Stored data
(* Let $Q$ be a finite set of item collections; for each $q\in Q$ let $n_q\ge 1$ be the number of items in $q$. On a probability space, let there be, for each $q\in Q$ and $i\in\{1,\ldots,n_q\}$, random variables: a feature vector $x_{q,i}$, a relevance indicator $r_{q,i}\in\{0,1\}$, an examination indicator $e_{q,i}\in\{0,1\}$, and a target (click) label $c_{q,i}\in\{0,1\}$. Let $\mathcal{I}_q=\{r_{q,1},\ldots,r_{q,n_q},x_{q,1},\ldots,x_{q,n_q}\}$ and define the conditional examination probabilities $$p_{q,i}=P\{e_{q,i}=1\mid \mathcal{I}_q\},\qquad p_{q,i,j}=P\{e_{q,i}e_{q,j}=1\mid \mathcal{I}_q\},\quad i,j\in\{1,\ldots,n_q\}.$$ Assume: (1) (examination hypothesis) $c_{q,i}=e_{q,i}\, r_{q,i}$ for all $q\in Q$ and all $i=1,\ldots,n_q$; (2) (positivity) $p_{q,i}>0$ and $p_{q,i,j}>0$ for all $q\in Q$ and all $i,j=1,\ldots,n_q$. Let $f$ be a (deterministic) ranking model mapping feature vectors to real scores, and let $\ell_{1,1},\ell_{1,0},\ell_{0,1},\ell_{0,0}$ be real-valued functions of two real scores. Set $$\mathbf{z}(u,v)=\big(\ell_{1,1}(u,v),\ \ell_{1,0}(u,v),\ \ell_{0,1}(u,v),\ \ell_{0,0}(u,v)\big)^{\mathsf T},\qquad \mathbf{s}(b_1,b_2)=\big(b_1b_2,\ b_1(1-b_2),\ (1-b_1)b_2,\ (1-b_1)(1-b_2)\big)^{\mathsf T}$$ for $b_1,b_2\in\{0,1\}$. With $a_{q,i}=1/p_{q,i}$, $a_{q,j}=1/p_{q,j}$, $a_{q,i,j}=1/p_{q,i,j}$, define the $4\times 4$ matrix $$\mathbf{A}_{q,i,j}=\begin{pmatrix} a_{q,i,j} & 0 & 0 & 0\\ a_{q,i}-a_{q,i,j} & a_{q,i} & 0 & 0\\ a_{q,j}-a_{q,i,j} & 0 & a_{q,j} & 0\\ 1-a_{q,i}-a_{q,j}+a_{q,i,j} & 1-a_{q,i} & 1-a_{q,j} & 1\end{pmatrix},$$ and the loss $$L_u=\sum_{q\in Q}\sum_{i,j=1}^{n_q}\mathbf{z}\big(f(x_{q,i}),f(x_{q,j})\big)^{\mathsf T}\,\mathbf{A}_{q,i,j}\,\mathbf{s}(c_{q,i},c_{q,j}).$$ Then $L_u$ is unbiased, i.e. $$\mathrm{E}[L_u]=\mathrm{E}\left[\sum_{q\in Q}\sum_{i,j=1}^{n_q}\mathbf{z}\big(f(x_{q,i}),f(x_{q,j})\big)^{\mathsf T}\,\mathbf{s}(r_{q,i},r_{q,j})\right].$$
   Context: This is the setting of pairwise learning-to-rank with position bias: $r_{q,i}$ is the (unobserved) true relevance of the $i$-th item of collection $q$, $e_{q,i}$ indicates whether the user examined it, and $c_{q,i}$ is the observed implicit-feedback label (e.g. a click). The examination indicators of different items need not be independent, and examination need not be independent of relevance. All expectations appearing in the statement are assumed to exist (be finite). *)

theory Defs
  imports "HOL-Probability.Probability"
begin

definition info_sigma ::
  "'w measure \<Rightarrow> 'f measure \<Rightarrow> (nat \<Rightarrow> 'w \<Rightarrow> 'f) \<Rightarrow> (nat \<Rightarrow> 'w \<Rightarrow> real) \<Rightarrow> nat \<Rightarrow> 'w measure" where
  "info_sigma M Nx x r n =
     sigma (space M)
       (\<Union>i\<in>{1..n}. {x i -` A \<inter> space M | A. A \<in> sets Nx}
                  \<union> {r i -` B \<inter> space M | B. B \<in> sets (borel :: real measure)})"

definition zvec :: "(real \<Rightarrow> real \<Rightarrow> real) \<Rightarrow> (real \<Rightarrow> real \<Rightarrow> real) \<Rightarrow>
    (real \<Rightarrow> real \<Rightarrow> real) \<Rightarrow> (real \<Rightarrow> real \<Rightarrow> real) \<Rightarrow> real \<Rightarrow> real \<Rightarrow> real^4" where
  "zvec l11 l10 l01 l00 u v = vector [l11 u v, l10 u v, l01 u v, l00 u v]"

definition svec :: "real \<Rightarrow> real \<Rightarrow> real^4" where
  "svec b1 b2 = vector [b1 * b2, b1 * (1 - b2), (1 - b1) * b2, (1 - b1) * (1 - b2)]"

definition Amat :: "real \<Rightarrow> real \<Rightarrow> real \<Rightarrow> real^4^4" where
  "Amat ai aj aij = vector [
      vector [aij, 0, 0, 0],
      vector [ai - aij, ai, 0, 0],
      vector [aj - aij, 0, aj, 0],
      vector [1 - ai - aj + aij, 1 - ai, 1 - aj, 1]]"

end

theory Submission
  imports Defs
begin

(* The vector svec b1 b2 is an affine function of the moments (b1, b2, b1 b2), and the matrix
   A_{q,i,j} acts on these moment coordinates diagonally, multiplying them by a_i, a_j and a_ij.
   Under c = e r the debiased pair term is therefore affine in e_i, e_j and e_i e_j, with
   coefficients measurable with respect to the information sigma-algebra I_q. Conditioning on I_q
   replaces these by p_i, p_j and p_ij, which cancel the inverse propensities and leave the
   relevance term. The coefficients need not be integrable, so the tower property is applied on
   the sets where they are bounded and the truncation is removed by dominated convergence. *)

lemma vector_4 [simp]:
  "(vector [a, b, c, d] :: ('a::zero)^4) $ 1 = a"
  "(vector [a, b, c, d] :: ('a::zero)^4) $ 2 = b"
  "(vector [a, b, c, d] :: ('a::zero)^4) $ 3 = c"
  "(vector [a, b, c, d] :: ('a::zero)^4) $ 4 = d"
  unfolding vector_def by simp_all

(* For binary b1 b2 with E b1 = t1, E b2 = t2, E (b1 b2) = t12 this is the expectation of
   svec b1 b2, i.e. the distribution of the outcome pattern (11, 10, 01, 00). *)
definition moment_svec :: "real \<Rightarrow> real \<Rightarrow> real \<Rightarrow> real^4" where
  "moment_svec t1 t2 t12 = vector [t12, t1 - t12, t2 - t12, 1 - t1 - t2 + t12]"

lemma svec_eq_moment_svec: "svec b1 b2 = moment_svec b1 b2 (b1 * b2)"
  by (simp add: svec_def moment_svec_def vec_eq_iff forall_4 algebra_simps)

lemma inner_moment_svec:
  "z \<bullet> moment_svec t1 t2 t12 =
     z$4 + t1 * (z$2 - z$4) + t2 * (z$3 - z$4) + t12 * (z$1 - z$2 - z$3 + z$4)"
  by (simp add: moment_svec_def inner_vec_def sum_4 algebra_simps)
(* Let $f:\{0,1,\dots,N-1\}\to\{0,1\}$ and $t=|f^{-1}(1)|$. Let $\tilde t$ be any integer with $|\tilde t-t'|\le 2/3$, where $t'$ is the output of $\mathbf{Count}(f,\lceil\sqrt N\rceil)$. Then with probability at least $8/\pi^2$, $$|\tilde t-t|<2\pi\sqrt{\frac{t(N-t)}{N}}+11.$$
   Context: For $M\ge1$, $\mathbf F_M|x\rangle=\frac{1}{\sqrt M}\sum_{y=0}^{M-1}e^{2\pi ixy/M}|y\rangle$. For a unitary $\mathbf U$, $\Lambda_M(\mathbf U)$ is $|j\rangle|y\rangle\mapsto|j\rangle(\mathbf U^j|y\rangle)$, $0\le j<M$. Take $\mathcal H$ with basis $|0\rangle,\dots,|N-1\rangle$, $\mathcal A=\mathbf F_N$, $\mathbf S_f|x\rangle=(-1)^{f(x)}|x\rangle$, $\mathbf S_0$ negating $|0\rangle$ and fixing other basis states, and $\mathbf Q=-\mathcal A\mathbf S_0\mathcal A^{-1}\mathbf S_f$. $\mathbf{Count}(f,M)$: prepare $|0\rangle\otimes\mathcal A|0\rangle$ (first register $M$-dimensional); apply $\mathbf F_M$ to the first register; apply $\Lambda_M(\mathbf Q)$; apply $\mathbf F_M^{-1}$ to the first register; measure the first register obtaining $y$; output $t'=N\sin^2(\pi y/M)$. A call $\mathbf{Count}(f,M)$ is counted as $M$ evaluations of $f$. *)

theory Defs
  imports Complex_Main
begin

text \<open>State vectors of a register of dimension d are functions nat => complex,
  only the entries at indices < d being meaningful (entries >= d are kept 0).
  Two-register states are functions nat => nat => complex: s j y is the amplitude
  of the basis state |j>|y>.\<close>

type_synonym vec = "nat \<Rightarrow> complex"
type_synonym vec2 = "nat \<Rightarrow> nat \<Rightarrow> complex"

definition QFT :: "nat \<Rightarrow> vec \<Rightarrow> vec" where
  "QFT M v = (\<lambda>y. if y < M then
      (\<Sum>x<M. complex_of_real (1 / sqrt (real M)) * cis (2 * pi * real x * real y / real M) * v x)
    else 0)"

definition QFT_inv :: "nat \<Rightarrow> vec \<Rightarrow> vec" where
  "QFT_inv M v = (\<lambda>y. if y < M then
      (\<Sum>x<M. complex_of_real (1 / sqrt (real M)) * cis (- 2 * pi * real x * real y / real M) * v x)
    else 0)"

EXERCISE INSTRUCTIONS :: Every line holding the word "need" should be copied out of the records above.

RESPONSE TO THE TASK ::
   Context: This is the setting of pairwise learning-to-rank with position bias: $r_{q,i}$ is the (unobserved) true relevance of the $i$-th item of collection $q$, $e_{q,i}$ indicates whether the user examined it, and $c_{q,i}$ is the observed implicit-feedback label (e.g. a click). The examination indicators of different items need not be independent, and examination need not be independent of relevance. All expectations appearing in the statement are assumed to exist (be finite). *)
   relevance term. The coefficients need not be integrable, so the tower property is applied on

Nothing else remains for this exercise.